__Try it__: In the entries that follow, the line with "cyclic_block_partition p f r" opens the range and the line with "from periodic_carry_cases[where D" closes it; repeat that range exactly, both lines included.

__Record extracts__:
+ + + + +
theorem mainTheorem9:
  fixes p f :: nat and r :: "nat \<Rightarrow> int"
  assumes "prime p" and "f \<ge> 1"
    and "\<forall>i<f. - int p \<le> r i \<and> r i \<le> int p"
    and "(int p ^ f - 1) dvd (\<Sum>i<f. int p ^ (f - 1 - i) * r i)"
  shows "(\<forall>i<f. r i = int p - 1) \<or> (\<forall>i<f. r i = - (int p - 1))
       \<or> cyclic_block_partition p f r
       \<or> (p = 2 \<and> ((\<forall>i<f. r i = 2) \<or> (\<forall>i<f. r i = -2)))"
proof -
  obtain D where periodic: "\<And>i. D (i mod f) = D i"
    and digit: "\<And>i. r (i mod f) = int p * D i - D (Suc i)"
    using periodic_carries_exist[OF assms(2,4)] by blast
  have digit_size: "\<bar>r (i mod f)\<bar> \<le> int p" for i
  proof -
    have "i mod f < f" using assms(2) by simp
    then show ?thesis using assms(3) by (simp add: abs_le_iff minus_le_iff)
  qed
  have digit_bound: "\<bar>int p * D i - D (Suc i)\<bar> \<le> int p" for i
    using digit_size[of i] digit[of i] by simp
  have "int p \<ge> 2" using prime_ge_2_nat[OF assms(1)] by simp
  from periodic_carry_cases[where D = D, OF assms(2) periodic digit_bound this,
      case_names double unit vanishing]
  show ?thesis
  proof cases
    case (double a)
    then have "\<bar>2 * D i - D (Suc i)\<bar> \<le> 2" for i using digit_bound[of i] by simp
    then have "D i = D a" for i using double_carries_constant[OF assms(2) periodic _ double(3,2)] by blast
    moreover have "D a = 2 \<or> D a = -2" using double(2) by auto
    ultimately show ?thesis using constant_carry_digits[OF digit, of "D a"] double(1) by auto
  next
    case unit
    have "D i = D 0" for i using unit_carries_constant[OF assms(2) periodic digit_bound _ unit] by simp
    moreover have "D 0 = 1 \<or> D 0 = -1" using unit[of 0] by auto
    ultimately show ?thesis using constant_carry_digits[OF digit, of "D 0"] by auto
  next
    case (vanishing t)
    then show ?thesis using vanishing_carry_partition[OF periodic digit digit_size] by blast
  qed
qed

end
+ + + + +
__Output for this exercise__:
       \<or> cyclic_block_partition p f r
       \<or> (p = 2 \<and> ((\<forall>i<f. r i = 2) \<or> (\<forall>i<f. r i = -2)))"
proof -
  obtain D where periodic: "\<And>i. D (i mod f) = D i"
    and digit: "\<And>i. r (i mod f) = int p * D i - D (Suc i)"
    using periodic_carries_exist[OF assms(2,4)] by blast
  have digit_size: "\<bar>r (i mod f)\<bar> \<le> int p" for i
  proof -
    have "i mod f < f" using assms(2) by simp
    then show ?thesis using assms(3) by (simp add: abs_le_iff minus_le_iff)
  qed
  have digit_bound: "\<bar>int p * D i - D (Suc i)\<bar> \<le> int p" for i
    using digit_size[of i] digit[of i] by simp
  have "int p \<ge> 2" using prime_ge_2_nat[OF assms(1)] by simp
  from periodic_carry_cases[where D = D, OF assms(2) periodic digit_bound this,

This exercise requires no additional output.